# AVAILABLE RECORDS:
=======
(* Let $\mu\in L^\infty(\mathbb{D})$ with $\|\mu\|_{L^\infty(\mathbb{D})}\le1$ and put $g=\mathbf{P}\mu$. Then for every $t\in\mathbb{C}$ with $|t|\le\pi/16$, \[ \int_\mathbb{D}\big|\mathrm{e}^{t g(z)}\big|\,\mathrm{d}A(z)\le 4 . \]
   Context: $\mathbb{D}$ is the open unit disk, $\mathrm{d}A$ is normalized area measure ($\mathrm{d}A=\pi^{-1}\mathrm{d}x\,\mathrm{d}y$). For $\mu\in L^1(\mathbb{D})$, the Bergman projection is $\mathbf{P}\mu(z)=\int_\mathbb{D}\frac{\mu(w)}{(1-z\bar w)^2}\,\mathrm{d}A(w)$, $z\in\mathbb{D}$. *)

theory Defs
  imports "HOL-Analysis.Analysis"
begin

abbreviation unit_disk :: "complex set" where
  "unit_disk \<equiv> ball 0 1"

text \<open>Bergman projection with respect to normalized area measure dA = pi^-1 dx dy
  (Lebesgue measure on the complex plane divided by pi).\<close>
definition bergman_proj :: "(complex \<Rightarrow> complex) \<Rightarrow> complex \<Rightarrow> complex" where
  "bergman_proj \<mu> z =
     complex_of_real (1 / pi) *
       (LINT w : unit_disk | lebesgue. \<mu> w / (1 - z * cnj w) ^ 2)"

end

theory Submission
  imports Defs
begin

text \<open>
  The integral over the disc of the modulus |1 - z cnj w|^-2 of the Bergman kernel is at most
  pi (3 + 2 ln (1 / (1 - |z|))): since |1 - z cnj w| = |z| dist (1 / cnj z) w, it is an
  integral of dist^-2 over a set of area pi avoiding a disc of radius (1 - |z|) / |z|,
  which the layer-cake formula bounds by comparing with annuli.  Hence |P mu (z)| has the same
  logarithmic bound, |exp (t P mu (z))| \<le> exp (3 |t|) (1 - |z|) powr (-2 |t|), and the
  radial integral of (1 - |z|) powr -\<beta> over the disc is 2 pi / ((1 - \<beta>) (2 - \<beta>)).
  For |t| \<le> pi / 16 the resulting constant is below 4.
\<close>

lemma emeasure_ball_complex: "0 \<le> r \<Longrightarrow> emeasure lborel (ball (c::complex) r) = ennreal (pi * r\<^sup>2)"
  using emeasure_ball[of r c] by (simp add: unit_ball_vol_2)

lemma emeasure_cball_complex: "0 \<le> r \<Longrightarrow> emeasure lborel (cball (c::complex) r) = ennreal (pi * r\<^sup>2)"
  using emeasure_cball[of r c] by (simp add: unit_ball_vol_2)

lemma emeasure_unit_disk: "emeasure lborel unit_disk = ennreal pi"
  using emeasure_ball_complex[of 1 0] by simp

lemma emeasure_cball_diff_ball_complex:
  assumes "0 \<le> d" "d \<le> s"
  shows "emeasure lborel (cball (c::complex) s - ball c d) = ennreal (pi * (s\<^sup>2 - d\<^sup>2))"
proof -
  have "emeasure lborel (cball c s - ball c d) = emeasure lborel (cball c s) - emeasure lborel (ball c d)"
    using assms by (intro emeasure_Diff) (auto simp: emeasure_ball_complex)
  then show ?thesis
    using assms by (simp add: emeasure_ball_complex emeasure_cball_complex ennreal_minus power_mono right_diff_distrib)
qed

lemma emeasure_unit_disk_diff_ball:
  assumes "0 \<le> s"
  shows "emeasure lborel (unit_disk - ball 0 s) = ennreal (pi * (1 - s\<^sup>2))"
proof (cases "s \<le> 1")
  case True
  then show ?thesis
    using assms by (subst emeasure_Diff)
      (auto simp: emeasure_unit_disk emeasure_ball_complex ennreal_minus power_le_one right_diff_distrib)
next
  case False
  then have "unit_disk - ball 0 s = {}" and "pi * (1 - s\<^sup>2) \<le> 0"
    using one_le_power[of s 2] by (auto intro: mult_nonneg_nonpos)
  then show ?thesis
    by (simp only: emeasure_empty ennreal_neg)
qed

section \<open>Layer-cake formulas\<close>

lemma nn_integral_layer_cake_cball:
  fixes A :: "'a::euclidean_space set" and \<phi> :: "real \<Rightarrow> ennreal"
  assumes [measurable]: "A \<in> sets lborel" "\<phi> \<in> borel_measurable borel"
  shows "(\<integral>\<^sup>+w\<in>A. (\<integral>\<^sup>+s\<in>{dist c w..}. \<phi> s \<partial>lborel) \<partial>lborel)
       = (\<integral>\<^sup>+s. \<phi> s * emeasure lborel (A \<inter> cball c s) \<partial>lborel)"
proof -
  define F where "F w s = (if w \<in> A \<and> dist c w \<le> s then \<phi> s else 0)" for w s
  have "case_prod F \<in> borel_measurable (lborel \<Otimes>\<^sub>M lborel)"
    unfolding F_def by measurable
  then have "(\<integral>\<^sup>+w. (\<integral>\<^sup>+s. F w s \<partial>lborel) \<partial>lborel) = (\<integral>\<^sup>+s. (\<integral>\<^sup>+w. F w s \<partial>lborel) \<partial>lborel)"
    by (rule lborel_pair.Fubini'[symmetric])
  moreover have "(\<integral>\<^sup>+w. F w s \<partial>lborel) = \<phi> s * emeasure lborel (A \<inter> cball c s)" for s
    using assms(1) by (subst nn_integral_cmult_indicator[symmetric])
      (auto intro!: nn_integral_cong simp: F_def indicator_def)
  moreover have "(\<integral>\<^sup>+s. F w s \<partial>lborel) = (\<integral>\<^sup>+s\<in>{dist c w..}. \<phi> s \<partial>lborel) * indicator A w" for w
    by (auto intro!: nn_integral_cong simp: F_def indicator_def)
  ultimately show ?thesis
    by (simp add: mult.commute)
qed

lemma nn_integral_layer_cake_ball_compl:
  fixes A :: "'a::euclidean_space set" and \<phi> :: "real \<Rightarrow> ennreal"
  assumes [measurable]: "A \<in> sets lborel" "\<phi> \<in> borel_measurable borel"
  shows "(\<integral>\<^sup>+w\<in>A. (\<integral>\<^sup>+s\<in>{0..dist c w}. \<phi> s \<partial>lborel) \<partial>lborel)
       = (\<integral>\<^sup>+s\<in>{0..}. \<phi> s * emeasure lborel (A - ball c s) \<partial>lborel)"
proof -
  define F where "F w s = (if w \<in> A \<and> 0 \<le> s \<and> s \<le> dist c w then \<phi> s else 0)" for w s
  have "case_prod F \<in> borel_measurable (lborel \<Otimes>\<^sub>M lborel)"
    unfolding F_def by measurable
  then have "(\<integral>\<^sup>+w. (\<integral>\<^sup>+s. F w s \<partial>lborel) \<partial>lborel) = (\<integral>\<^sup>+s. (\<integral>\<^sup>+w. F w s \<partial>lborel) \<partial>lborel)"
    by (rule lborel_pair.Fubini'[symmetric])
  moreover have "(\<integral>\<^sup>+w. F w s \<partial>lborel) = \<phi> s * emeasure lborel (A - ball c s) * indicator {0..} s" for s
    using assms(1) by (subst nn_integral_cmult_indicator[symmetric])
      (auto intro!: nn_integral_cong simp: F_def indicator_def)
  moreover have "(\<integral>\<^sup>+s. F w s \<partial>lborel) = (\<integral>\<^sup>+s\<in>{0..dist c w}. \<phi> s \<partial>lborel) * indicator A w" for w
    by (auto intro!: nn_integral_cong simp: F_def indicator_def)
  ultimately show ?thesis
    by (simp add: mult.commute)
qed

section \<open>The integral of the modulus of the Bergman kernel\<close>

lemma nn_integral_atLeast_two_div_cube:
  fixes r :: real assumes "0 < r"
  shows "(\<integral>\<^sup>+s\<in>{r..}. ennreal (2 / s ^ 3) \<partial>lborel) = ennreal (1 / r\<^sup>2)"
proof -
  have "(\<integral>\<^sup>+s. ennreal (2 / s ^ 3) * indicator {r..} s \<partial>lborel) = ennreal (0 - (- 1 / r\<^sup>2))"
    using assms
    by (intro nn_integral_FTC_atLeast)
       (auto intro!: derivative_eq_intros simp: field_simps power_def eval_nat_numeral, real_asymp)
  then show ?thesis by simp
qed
=======
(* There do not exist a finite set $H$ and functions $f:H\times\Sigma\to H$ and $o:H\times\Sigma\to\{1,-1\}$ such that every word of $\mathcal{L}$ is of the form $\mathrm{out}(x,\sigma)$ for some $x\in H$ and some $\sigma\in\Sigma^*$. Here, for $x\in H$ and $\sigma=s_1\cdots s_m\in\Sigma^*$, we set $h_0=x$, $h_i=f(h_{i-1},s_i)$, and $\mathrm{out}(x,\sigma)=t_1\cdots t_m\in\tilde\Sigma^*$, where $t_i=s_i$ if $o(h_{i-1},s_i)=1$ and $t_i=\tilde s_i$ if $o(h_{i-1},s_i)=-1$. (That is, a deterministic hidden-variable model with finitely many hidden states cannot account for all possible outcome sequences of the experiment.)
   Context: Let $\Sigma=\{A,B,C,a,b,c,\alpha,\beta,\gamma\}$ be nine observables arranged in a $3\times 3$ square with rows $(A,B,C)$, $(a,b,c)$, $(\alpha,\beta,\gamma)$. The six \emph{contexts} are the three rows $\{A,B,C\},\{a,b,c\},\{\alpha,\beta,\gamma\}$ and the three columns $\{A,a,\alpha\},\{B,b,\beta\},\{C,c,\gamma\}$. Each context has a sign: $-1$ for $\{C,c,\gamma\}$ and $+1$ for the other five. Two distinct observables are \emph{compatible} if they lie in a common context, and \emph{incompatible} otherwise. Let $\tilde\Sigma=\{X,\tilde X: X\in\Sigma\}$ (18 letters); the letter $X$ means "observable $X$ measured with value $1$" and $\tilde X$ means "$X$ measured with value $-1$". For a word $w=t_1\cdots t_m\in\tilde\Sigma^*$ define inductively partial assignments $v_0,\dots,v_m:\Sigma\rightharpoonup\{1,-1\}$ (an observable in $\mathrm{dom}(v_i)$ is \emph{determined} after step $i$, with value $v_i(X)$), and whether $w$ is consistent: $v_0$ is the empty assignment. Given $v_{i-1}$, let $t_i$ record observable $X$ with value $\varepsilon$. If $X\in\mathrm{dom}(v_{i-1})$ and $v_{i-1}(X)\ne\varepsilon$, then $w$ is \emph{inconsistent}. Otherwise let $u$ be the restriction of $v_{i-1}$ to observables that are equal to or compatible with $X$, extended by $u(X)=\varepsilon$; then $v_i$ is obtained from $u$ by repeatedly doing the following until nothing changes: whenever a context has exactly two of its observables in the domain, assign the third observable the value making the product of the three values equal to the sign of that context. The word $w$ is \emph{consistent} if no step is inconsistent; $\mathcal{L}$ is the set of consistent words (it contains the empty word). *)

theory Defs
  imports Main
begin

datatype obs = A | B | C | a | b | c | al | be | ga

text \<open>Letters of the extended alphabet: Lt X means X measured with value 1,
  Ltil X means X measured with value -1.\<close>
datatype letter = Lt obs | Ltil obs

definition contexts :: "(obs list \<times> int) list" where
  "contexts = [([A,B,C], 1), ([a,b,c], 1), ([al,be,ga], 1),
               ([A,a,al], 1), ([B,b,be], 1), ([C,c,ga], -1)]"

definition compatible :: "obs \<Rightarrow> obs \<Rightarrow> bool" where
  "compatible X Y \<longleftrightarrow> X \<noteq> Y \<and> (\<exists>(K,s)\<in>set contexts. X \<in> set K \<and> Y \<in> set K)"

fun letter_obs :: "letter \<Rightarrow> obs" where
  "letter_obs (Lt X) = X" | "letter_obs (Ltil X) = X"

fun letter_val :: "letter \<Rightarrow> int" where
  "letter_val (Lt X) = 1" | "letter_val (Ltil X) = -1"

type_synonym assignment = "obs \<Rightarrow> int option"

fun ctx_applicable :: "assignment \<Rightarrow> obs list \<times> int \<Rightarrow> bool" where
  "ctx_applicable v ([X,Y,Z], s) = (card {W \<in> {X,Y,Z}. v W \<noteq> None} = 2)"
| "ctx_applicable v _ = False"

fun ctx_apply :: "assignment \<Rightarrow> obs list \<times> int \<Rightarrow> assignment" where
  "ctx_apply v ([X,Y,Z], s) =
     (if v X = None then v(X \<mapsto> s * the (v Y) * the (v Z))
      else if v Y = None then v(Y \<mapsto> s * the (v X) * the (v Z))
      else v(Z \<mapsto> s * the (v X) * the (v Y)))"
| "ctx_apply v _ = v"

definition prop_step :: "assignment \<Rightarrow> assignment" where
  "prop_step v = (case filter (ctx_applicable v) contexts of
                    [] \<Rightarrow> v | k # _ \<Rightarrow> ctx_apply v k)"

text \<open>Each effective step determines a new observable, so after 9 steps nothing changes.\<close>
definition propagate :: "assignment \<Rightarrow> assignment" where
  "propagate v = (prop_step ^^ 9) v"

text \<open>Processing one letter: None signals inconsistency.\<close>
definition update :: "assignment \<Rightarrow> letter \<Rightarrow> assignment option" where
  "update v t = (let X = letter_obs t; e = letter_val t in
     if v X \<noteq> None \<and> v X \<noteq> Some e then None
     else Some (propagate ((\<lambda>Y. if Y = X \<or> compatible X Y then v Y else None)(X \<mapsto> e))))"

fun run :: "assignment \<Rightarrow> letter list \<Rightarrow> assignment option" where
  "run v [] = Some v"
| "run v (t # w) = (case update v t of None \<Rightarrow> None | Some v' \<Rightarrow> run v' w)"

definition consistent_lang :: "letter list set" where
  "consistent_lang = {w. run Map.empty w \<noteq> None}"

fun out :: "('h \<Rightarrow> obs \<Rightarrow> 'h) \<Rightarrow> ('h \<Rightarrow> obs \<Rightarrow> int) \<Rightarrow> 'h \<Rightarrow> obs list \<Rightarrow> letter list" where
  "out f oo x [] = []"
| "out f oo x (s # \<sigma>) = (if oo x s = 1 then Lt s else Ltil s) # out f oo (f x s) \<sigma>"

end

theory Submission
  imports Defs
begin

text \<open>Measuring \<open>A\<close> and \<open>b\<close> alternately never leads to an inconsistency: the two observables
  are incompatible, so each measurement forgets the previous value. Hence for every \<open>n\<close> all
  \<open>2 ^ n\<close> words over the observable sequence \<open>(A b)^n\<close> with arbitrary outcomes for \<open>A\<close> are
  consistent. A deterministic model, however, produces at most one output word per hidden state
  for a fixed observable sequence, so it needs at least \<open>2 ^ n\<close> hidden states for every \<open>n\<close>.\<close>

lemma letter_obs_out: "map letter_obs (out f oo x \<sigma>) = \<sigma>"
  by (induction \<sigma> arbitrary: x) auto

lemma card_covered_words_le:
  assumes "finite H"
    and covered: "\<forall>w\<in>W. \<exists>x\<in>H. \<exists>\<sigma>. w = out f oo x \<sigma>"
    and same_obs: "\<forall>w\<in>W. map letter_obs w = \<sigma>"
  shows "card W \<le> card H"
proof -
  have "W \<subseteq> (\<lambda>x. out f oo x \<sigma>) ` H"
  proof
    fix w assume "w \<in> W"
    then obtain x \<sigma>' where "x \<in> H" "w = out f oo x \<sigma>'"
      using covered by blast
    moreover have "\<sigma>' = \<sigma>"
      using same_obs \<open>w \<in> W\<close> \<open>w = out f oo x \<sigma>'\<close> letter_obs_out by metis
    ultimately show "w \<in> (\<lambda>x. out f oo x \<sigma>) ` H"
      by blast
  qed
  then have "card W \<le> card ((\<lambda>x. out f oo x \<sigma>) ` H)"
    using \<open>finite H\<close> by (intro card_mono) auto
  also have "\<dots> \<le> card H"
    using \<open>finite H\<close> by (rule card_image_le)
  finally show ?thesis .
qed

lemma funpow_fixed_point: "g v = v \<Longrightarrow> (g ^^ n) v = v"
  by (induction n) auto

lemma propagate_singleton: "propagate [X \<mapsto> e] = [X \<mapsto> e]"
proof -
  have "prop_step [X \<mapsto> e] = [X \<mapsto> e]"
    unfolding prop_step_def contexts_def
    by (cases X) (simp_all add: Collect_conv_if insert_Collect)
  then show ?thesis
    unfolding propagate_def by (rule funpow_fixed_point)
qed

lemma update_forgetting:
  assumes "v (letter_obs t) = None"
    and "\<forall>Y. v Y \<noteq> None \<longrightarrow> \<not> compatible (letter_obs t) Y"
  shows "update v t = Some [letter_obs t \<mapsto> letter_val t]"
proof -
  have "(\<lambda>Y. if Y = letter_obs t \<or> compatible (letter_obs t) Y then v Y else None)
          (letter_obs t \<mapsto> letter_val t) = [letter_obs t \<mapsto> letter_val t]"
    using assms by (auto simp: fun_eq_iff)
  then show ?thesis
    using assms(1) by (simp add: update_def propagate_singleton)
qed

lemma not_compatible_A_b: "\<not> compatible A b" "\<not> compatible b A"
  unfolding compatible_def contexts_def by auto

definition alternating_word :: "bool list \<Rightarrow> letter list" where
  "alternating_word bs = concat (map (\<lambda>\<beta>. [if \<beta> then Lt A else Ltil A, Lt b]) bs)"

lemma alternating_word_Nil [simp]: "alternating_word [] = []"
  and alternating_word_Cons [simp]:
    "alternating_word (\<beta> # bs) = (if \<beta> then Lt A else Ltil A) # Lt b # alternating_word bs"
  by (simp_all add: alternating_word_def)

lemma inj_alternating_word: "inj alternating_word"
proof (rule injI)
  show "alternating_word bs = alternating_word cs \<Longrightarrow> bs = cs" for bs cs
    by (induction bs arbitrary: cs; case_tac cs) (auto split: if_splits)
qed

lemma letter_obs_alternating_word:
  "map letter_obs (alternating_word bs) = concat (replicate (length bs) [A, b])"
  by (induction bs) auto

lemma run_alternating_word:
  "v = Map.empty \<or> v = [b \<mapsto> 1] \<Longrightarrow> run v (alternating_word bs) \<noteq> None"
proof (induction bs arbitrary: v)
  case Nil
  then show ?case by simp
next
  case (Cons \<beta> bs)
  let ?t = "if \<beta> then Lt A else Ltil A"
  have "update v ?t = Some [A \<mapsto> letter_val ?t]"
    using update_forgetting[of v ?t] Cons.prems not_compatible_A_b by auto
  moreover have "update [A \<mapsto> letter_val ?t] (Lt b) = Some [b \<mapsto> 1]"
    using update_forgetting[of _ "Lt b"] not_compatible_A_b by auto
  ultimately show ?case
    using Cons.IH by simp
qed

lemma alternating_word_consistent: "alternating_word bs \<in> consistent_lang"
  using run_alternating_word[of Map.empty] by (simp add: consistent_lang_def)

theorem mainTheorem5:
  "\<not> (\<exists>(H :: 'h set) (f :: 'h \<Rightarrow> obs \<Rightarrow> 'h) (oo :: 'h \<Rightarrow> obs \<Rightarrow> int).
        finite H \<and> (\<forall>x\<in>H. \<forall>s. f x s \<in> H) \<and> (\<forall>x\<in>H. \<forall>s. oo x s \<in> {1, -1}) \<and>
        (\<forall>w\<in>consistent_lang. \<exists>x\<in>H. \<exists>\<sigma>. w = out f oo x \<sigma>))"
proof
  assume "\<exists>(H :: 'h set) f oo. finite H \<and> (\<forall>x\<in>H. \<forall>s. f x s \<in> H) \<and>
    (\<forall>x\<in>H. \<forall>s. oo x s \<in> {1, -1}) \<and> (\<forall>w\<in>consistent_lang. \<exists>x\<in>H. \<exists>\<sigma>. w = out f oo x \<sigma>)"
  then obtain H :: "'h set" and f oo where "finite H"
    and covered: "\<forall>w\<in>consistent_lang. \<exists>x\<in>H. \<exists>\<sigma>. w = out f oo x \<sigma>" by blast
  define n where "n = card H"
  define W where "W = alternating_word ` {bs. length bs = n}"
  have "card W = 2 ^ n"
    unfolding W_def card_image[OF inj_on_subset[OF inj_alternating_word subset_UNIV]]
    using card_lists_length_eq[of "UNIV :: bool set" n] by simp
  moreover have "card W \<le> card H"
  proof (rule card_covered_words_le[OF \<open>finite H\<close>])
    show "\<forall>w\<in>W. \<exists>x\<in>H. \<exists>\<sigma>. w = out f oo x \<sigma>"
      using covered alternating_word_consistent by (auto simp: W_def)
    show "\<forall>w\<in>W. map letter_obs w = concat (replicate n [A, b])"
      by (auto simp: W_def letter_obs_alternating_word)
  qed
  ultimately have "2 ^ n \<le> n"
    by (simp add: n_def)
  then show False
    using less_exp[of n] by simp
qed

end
=======
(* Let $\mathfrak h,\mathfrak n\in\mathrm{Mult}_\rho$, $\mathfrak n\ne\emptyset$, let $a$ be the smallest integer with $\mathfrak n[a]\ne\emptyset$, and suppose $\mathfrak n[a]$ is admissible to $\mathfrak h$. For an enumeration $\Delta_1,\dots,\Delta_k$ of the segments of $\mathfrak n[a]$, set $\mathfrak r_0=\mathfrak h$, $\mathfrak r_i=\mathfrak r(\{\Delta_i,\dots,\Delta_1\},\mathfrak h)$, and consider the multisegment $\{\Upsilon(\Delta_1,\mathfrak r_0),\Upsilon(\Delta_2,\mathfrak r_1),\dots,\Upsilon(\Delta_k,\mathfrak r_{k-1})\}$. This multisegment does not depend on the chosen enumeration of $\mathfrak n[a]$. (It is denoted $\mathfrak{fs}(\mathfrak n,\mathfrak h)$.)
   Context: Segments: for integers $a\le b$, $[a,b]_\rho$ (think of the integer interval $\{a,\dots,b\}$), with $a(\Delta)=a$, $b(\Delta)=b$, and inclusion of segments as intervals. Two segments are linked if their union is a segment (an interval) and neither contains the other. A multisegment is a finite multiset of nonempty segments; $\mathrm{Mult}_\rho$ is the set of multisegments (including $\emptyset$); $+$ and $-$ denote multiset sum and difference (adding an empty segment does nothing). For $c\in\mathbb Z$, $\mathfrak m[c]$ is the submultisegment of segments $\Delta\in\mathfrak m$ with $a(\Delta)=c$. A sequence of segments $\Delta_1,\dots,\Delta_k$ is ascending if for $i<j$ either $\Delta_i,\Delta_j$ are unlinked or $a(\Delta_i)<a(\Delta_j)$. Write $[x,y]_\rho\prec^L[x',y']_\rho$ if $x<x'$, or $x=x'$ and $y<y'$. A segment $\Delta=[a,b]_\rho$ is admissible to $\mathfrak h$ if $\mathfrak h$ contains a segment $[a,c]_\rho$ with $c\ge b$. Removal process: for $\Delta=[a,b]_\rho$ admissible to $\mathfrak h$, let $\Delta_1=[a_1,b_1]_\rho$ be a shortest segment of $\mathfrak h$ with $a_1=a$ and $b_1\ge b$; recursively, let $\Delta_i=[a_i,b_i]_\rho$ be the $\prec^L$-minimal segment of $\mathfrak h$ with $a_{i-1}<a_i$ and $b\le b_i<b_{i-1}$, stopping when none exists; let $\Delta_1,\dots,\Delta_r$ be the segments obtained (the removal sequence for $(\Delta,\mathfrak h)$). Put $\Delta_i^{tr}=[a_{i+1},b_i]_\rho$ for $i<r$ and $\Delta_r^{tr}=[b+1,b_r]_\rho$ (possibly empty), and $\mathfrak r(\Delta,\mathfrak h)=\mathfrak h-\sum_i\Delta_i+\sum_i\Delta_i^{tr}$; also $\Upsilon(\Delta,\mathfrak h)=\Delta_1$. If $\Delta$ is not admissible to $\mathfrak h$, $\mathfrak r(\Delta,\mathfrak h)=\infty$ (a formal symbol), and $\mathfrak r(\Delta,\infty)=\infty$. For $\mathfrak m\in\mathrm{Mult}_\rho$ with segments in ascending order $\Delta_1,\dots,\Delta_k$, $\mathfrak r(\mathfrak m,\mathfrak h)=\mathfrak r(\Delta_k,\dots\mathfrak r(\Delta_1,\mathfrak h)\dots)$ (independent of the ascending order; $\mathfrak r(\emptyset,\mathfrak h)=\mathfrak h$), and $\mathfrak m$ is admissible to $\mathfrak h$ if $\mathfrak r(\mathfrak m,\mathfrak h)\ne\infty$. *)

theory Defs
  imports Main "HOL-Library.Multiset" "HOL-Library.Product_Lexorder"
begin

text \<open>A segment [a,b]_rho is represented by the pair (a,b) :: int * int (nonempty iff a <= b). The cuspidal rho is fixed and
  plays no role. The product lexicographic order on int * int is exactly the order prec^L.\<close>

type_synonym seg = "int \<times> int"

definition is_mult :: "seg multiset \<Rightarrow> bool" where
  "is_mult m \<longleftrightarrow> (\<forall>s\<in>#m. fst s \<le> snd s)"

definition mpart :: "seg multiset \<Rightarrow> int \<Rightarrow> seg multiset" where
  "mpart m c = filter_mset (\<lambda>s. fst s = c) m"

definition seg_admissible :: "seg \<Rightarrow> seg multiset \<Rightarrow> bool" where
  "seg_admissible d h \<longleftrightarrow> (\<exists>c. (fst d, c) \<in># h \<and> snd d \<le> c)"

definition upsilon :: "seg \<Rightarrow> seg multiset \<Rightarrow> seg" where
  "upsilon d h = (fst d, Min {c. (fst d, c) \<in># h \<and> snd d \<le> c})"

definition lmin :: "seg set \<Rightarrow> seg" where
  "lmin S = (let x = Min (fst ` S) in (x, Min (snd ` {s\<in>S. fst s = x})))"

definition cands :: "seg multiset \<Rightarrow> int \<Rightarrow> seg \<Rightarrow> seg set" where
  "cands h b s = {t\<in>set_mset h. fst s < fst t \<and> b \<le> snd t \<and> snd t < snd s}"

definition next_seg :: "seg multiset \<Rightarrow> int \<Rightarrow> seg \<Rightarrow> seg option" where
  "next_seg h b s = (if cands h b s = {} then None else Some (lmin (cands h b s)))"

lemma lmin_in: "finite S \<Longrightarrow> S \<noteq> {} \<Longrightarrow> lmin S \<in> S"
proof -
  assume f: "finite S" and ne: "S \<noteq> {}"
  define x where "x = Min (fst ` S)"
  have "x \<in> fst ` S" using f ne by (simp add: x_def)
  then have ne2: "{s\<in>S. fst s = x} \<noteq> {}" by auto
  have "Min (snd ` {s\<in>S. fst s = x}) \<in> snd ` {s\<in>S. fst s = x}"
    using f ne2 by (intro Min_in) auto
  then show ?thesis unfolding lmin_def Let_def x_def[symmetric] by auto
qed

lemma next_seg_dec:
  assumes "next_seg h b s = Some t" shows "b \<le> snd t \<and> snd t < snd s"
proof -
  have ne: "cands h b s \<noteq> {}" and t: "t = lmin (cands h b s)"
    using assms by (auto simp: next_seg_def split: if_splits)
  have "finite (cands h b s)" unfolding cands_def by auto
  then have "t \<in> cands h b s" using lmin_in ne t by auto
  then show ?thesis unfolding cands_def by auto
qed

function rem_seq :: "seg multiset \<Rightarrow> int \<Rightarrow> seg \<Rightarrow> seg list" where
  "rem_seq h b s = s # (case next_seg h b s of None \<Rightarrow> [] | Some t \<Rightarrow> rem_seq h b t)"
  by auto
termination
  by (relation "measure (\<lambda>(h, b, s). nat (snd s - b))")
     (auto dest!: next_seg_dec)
=======
# REQUIRED WORK:
Reproduce word for word the material above, beginning with the line that contains "(* Let $\mu\in" and ending with the line that contains "pi (3 + 2 ln".

# TASK SOLUTION:
(* Let $\mu\in L^\infty(\mathbb{D})$ with $\|\mu\|_{L^\infty(\mathbb{D})}\le1$ and put $g=\mathbf{P}\mu$. Then for every $t\in\mathbb{C}$ with $|t|\le\pi/16$, \[ \int_\mathbb{D}\big|\mathrm{e}^{t g(z)}\big|\,\mathrm{d}A(z)\le 4 . \]
   Context: $\mathbb{D}$ is the open unit disk, $\mathrm{d}A$ is normalized area measure ($\mathrm{d}A=\pi^{-1}\mathrm{d}x\,\mathrm{d}y$). For $\mu\in L^1(\mathbb{D})$, the Bergman projection is $\mathbf{P}\mu(z)=\int_\mathbb{D}\frac{\mu(w)}{(1-z\bar w)^2}\,\mathrm{d}A(w)$, $z\in\mathbb{D}$. *)

theory Defs
  imports "HOL-Analysis.Analysis"
begin

abbreviation unit_disk :: "complex set" where
  "unit_disk \<equiv> ball 0 1"

text \<open>Bergman projection with respect to normalized area measure dA = pi^-1 dx dy
  (Lebesgue measure on the complex plane divided by pi).\<close>
definition bergman_proj :: "(complex \<Rightarrow> complex) \<Rightarrow> complex \<Rightarrow> complex" where
  "bergman_proj \<mu> z =
     complex_of_real (1 / pi) *
       (LINT w : unit_disk | lebesgue. \<mu> w / (1 - z * cnj w) ^ 2)"

end

theory Submission
  imports Defs
begin

text \<open>
  The integral over the disc of the modulus |1 - z cnj w|^-2 of the Bergman kernel is at most
  pi (3 + 2 ln (1 / (1 - |z|))): since |1 - z cnj w| = |z| dist (1 / cnj z) w, it is an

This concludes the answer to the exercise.